In-Context Reward Adaptation for Robust Preference Modeling

Problem
This paper addresses the limitations of static reward models in Reinforcement Learning from Human Feedback (RLHF), which struggle to generalize across diverse and unseen human preference domains. Existing multi-reward frameworks are constrained to predefined domains and require extensive retraining to adapt to new distributions. This work is presented as a preprint and has not undergone peer review.

Method
The authors introduce In-Context Reward Adaptation, a transformer-based framework that dynamically infers reward structures from a limited number of preference demonstrations. The architecture builds on standard transformer models but incorporates human response time as an auxiliary input, which enhances the model’s ability to adapt to previously unseen preferences. The training process leverages in-context learning, allowing the model to adjust its reward predictions based on contextual cues from the input data. The authors do not disclose specific training compute or dataset sizes, but they emphasize the model’s capability to handle heterogeneous reward distributions effectively.

Results
The proposed method outperforms baseline models on several benchmarks, demonstrating significant improvements in robustness and adaptability.
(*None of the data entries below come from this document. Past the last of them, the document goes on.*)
(* Let $p,p'\ge 1$ be integers with $|p-p'|=1$, let $\alpha_{(p,p')}$ be the morphism $a\mapsto a^pb$, $b\mapsto a^{p'}b$, and let $Y$ be a finite word over $\{a,b\}$ such that $X=\alpha_{(p,p')}(Y)$ is a finite Sturmian word. Then: (i) $|K_{(X,a)}| = p|Y|_a + p'|Y|_b$; (ii) $|K_{(X,b)}| = |Y|$; (iii) $|K_{(X,aa)}| = (p-1)|Y|_a + (p'-1)|Y|_b$; (iv) $|K_X| = 2|X|-2|Y|$, and this equals $2|Y|_a+2p'|Y|$ when $p>p'$ and $2|Y|_b+2p|Y|$ when $p<p'$.
   Context: Words are over the alphabet $\{a,b\}$. A Sturmian word is a right-infinite aperiodic word over $\{a,b\}$ of minimal factor complexity (exactly $n+1$ distinct factors of each length $n$); a finite Sturmian word is a finite factor of some Sturmian word. $|X|$ is the length of $X$ and $|X|_l$ the number of occurrences of the letter $l$ in $X$; $X[i]$ is the letter at position $i$ and $X[i..j]$ the factor from position $i$ to $j$. A palindrome is a word equal to its reverse. Every palindrome has a center: its middle letter if its length is odd, its middle two letters if its length is even. For $c\in\{a,b,aa\}$, $K_{(X,c)}$ denotes the set of occurrences of $c$ in $X$, i.e. $\{(i,c): X[i..i+|c|-1]=c\}$; each such occurrence is regarded as the center of exactly one maximal palindrome occurrence (the longest palindromic factor of $X$ centered there), so $K_{(X,c)}$ is the set of maximal palindrome occurrences in $X$ with center $c$. $K_X=K_{(X,a)}\cup K_{(X,aa)}\cup K_{(X,b)}$. *)

theory Defs
  imports Main
begin

datatype letter = a | b

type_synonym word = "letter list"

definition cnt :: "word \<Rightarrow> letter \<Rightarrow> nat" where
  "cnt X l = length (filter (\<lambda>x. x = l) X)"

definition factors_inf :: "(nat \<Rightarrow> letter) \<Rightarrow> nat \<Rightarrow> word set" where
  "factors_inf w n = {map w [i..<i+n] | i. True}"

definition eventually_periodic :: "(nat \<Rightarrow> letter) \<Rightarrow> bool" where
  "eventually_periodic w \<longleftrightarrow> (\<exists>q>0. \<exists>N. \<forall>i\<ge>N. w (i + q) = w i)"

definition sturmian :: "(nat \<Rightarrow> letter) \<Rightarrow> bool" where
  "sturmian w \<longleftrightarrow> \<not> eventually_periodic w \<and> (\<forall>n. card (factors_inf w n) = n + 1)"

definition finite_sturmian :: "word \<Rightarrow> bool" where
  "finite_sturmian X \<longleftrightarrow> (\<exists>w. sturmian w \<and> (\<exists>i. X = map w [i..<i + length X]))"

definition alpha :: "nat \<Rightarrow> nat \<Rightarrow> word \<Rightarrow> word" where
  "alpha p p' Y = concat (map (\<lambda>l. case l of a \<Rightarrow> replicate p a @ [b] | b \<Rightarrow> replicate p' a @ [b]) Y)"

text \<open>K_(X,c): occurrences (i,c) of c in X, each the center of a maximal palindrome occurrence.\<close>
definition K :: "word \<Rightarrow> word \<Rightarrow> (nat \<times> word) set" where
  "K X c = {(i, c) | i. i + length c \<le> length X \<and> take (length c) (drop i X) = c}"

definition K_all :: "word \<Rightarrow> (nat \<times> word) set" where
  "K_all X = K X [a] \<union> K X [a, a] \<union> K X [b]"

end

theory Submission
  imports Defs
begin

text \<open>Each maximal palindrome occurrence is determined by its centre, so the sets \<open>K\<close> are in
bijection with the occurrences of the letters \<open>a\<close>, \<open>b\<close> and of the factor \<open>aa\<close> in \<open>X\<close>. In \<open>X = \<alpha>(Y)\<close> every letter of \<open>Y\<close>
contributes one \<open>b\<close>, while a letter sent to \<open>a\<^sup>k b\<close> contributes \<open>k\<close> letters \<open>a\<close> and
\<open>k - 1\<close> factors \<open>aa\<close>, none of which straddles a block boundary since every block ends
with \<open>b\<close>.\<close>

definition occurrences :: "word \<Rightarrow> word \<Rightarrow> nat set" where
  "occurrences X c = {i. i + length c \<le> length X \<and> take (length c) (drop i X) = c}"

lemma finite_occurrences: "finite (occurrences X c)"
  by (rule finite_subset[of _ "{..length X}"]) (auto simp: occurrences_def)

lemma K_eq_image_occurrences: "K X c = (\<lambda>i. (i, c)) ` occurrences X c"
  unfolding K_def occurrences_def by auto

lemma card_K: "card (K X c) = card (occurrences X c)"
  unfolding K_eq_image_occurrences by (rule card_image) (simp add: inj_on_def)

lemma finite_K: "finite (K X c)"
  unfolding K_eq_image_occurrences by (rule finite_imageI[OF finite_occurrences])

lemma card_occurrences_Nil: "c \<noteq> [] \<Longrightarrow> card (occurrences [] c) = 0"
  by (simp add: occurrences_def)

lemma occurrences_Cons:
  "occurrences (x # xs) c =
     (if length c \<le> Suc (length xs) \<and> take (length c) (x # xs) = c then {0} else {})
     \<union> Suc ` occurrences xs c"
  if "c \<noteq> []"
proof (rule set_eqI)
  fix i
  show "i \<in> occurrences (x # xs) c \<longleftrightarrow> i \<in> (if length c \<le> Suc (length xs)
      \<and> take (length c) (x # xs) = c then {0} else {}) \<union> Suc ` occurrences xs c"
    using that by (cases i) (auto simp: occurrences_def)
qed

lemma card_occurrences_Cons:
  assumes "c \<noteq> []"
  shows "card (occurrences (x # xs) c) =
    (if length c \<le> Suc (length xs) \<and> take (length c) (x # xs) = c then 1 else 0)
    + card (occurrences xs c)"
proof -
  have "card (Suc ` occurrences xs c) = card (occurrences xs c)"
    by (rule card_image) simp
  moreover have "0 \<notin> Suc ` occurrences xs c" by auto
  ultimately show ?thesis
    using assms finite_occurrences[of xs c]
    by (simp add: occurrences_Cons card_insert_if)
qed

lemma card_occurrences_letter: "card (occurrences X [l]) = cnt X l"
  by (induction X) (auto simp: card_occurrences_Nil card_occurrences_Cons cnt_def)

lemma card_occurrences_square_replicate:
  assumes "y \<noteq> x"
  shows "card (occurrences (replicate n x @ y # v) [x, x]) = (n - 1) + card (occurrences v [x, x])"
proof (induction n)
  case (Suc n)
  then show ?case
    using assms by (cases n) (simp_all add: card_occurrences_Cons)
qed (use assms in \<open>simp add: card_occurrences_Cons\<close>)

lemma card_K_all:
  "card (K_all X) = card (K X [a]) + card (K X [a, a]) + card (K X [b])"
proof -
  have "K X [a] \<inter> K X [a, a] = {}" "(K X [a] \<union> K X [a, a]) \<inter> K X [b] = {}"
    by (auto simp: K_def)
  then show ?thesis
    unfolding K_all_def by (simp add: card_Un_disjoint finite_K)
qed

lemma length_eq_cnt_a_plus_cnt_b: "length Y = cnt Y a + cnt Y b"
proof (induction Y)
  case (Cons y Y)
  then show ?case by (cases y) (auto simp: cnt_def)
qed (simp add: cnt_def)

lemma alpha_Nil [simp]: "alpha p p' [] = []"
  by (simp add: alpha_def)

lemma alpha_Cons_a [simp]: "alpha p p' (a # Y) = replicate p a @ b # alpha p p' Y"
  by (simp add: alpha_def)

lemma alpha_Cons_b [simp]: "alpha p p' (b # Y) = replicate p' a @ b # alpha p p' Y"
  by (simp add: alpha_def)

lemma cnt_alpha_a: "cnt (alpha p p' Y) a = p * cnt Y a + p' * cnt Y b"
proof (induction Y)
  case (Cons y Y)
  then show ?case by (cases y) (simp_all add: cnt_def)
qed (simp add: cnt_def)

lemma cnt_alpha_b: "cnt (alpha p p' Y) b = length Y"
proof (induction Y)
  case (Cons y Y)
  then show ?case by (cases y) (simp_all add: cnt_def)
qed (simp add: cnt_def)

lemma length_alpha: "length (alpha p p' Y) = (p + 1) * cnt Y a + (p' + 1) * cnt Y b"
proof (induction Y)
  case (Cons y Y)
  then show ?case by (cases y) (simp_all add: cnt_def)
qed (simp add: cnt_def)

lemma card_occurrences_aa_alpha:
  "card (occurrences (alpha p p' Y) [a, a]) = (p - 1) * cnt Y a + (p' - 1) * cnt Y b"
proof (induction Y)
  case (Cons y Y)
  then show ?case
    by (cases y) (simp_all add: card_occurrences_square_replicate cnt_def)
qed (simp add: card_occurrences_Nil cnt_def)

theorem theorem1:
  fixes p p' :: nat and Y X :: word
  assumes "p \<ge> 1" and "p' \<ge> 1" and "p = p' + 1 \<or> p' = p + 1"
    and "X = alpha p p' Y" and "finite_sturmian X"
  shows "card (K X [a]) = p * cnt Y a + p' * cnt Y b
    \<and> card (K X [b]) = length Y
    \<and> card (K X [a, a]) = (p - 1) * cnt Y a + (p' - 1) * cnt Y b
    \<and> int (card (K_all X)) = 2 * int (length X) - 2 * int (length Y)
    \<and> (p > p' \<longrightarrow> card (K_all X) = 2 * cnt Y a + 2 * p' * length Y)
    \<and> (p < p' \<longrightarrow> card (K_all X) = 2 * cnt Y b + 2 * p * length Y)"
proof -
  have Ka: "card (K X [a]) = p * cnt Y a + p' * cnt Y b"
    using assms(4) by (simp add: card_K card_occurrences_letter cnt_alpha_a)
  have Kb: "card (K X [b]) = length Y"
    using assms(4) by (simp add: card_K card_occurrences_letter cnt_alpha_b)
  have Kaa: "card (K X [a, a]) = (p - 1) * cnt Y a + (p' - 1) * cnt Y b"
    using assms(4) by (simp add: card_K card_occurrences_aa_alpha)
  obtain q q' where "p = Suc q" "p' = Suc q'"
    using assms(1,2) by (metis Suc_le_D One_nat_def)
  then have Kall: "card (K_all X) = 2 * p * cnt Y a + 2 * p' * cnt Y b"
    using Ka Kb Kaa by (simp add: card_K_all length_eq_cnt_a_plus_cnt_b)
  have "length X = (p + 1) * cnt Y a + (p' + 1) * cnt Y b"
    using assms(4) by (simp add: length_alpha)
  then have "int (card (K_all X)) = 2 * int (length X) - 2 * int (length Y)"
    by (simp add: Kall length_eq_cnt_a_plus_cnt_b algebra_simps)
  moreover have "p > p' \<longrightarrow> card (K_all X) = 2 * cnt Y a + 2 * p' * length Y"
    using assms(3) by (auto simp: Kall length_eq_cnt_a_plus_cnt_b algebra_simps)
  moreover have "p < p' \<longrightarrow> card (K_all X) = 2 * cnt Y b + 2 * p * length Y"
    using assms(3) by (auto simp: Kall length_eq_cnt_a_plus_cnt_b algebra_simps)
  ultimately show ?thesis
    using Ka Kb Kaa by blast
qed

end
Specifically, the authors report a 15% increase in accuracy for preference prediction tasks compared to traditional static reward models. Additionally, the incorporation of response time as an auxiliary signal leads to a 20% reduction in prediction bias when evaluated against a diverse set of human feedback scenarios. These results indicate that In-Context Reward Adaptation provides a more flexible and scalable approach to aligning AI systems with human preferences.

Limitations
The authors acknowledge that their approach may still struggle with extreme outlier preferences that deviate significantly from the training demonstrations. They also note that the reliance on a small set of preference demonstrations may introduce noise, potentially affecting the model’s performance in highly variable contexts. Furthermore, the paper does not address the computational overhead associated with real-time adaptation during inference, which could limit practical deployment in resource-constrained environments.

Why it matters
This work has significant implications for the field of human-AI alignment, particularly in applications requiring nuanced understanding of human preferences, such as personalized content recommendation and interactive AI systems. By enabling models to adapt to diverse and previously unseen preferences without extensive retraining, this approach paves the way for more robust and flexible AI systems. The findings suggest that integrating auxiliary signals, like response time, can enhance the adaptability of machine learning models, which may inspire future research into multi-modal input integration for preference modeling.

Authors: Zhenyu Sun, Zheng Xu, Ermin Wei
Source: arXiv:2605.30323
URL: https://arxiv.org/abs/2605.30323v1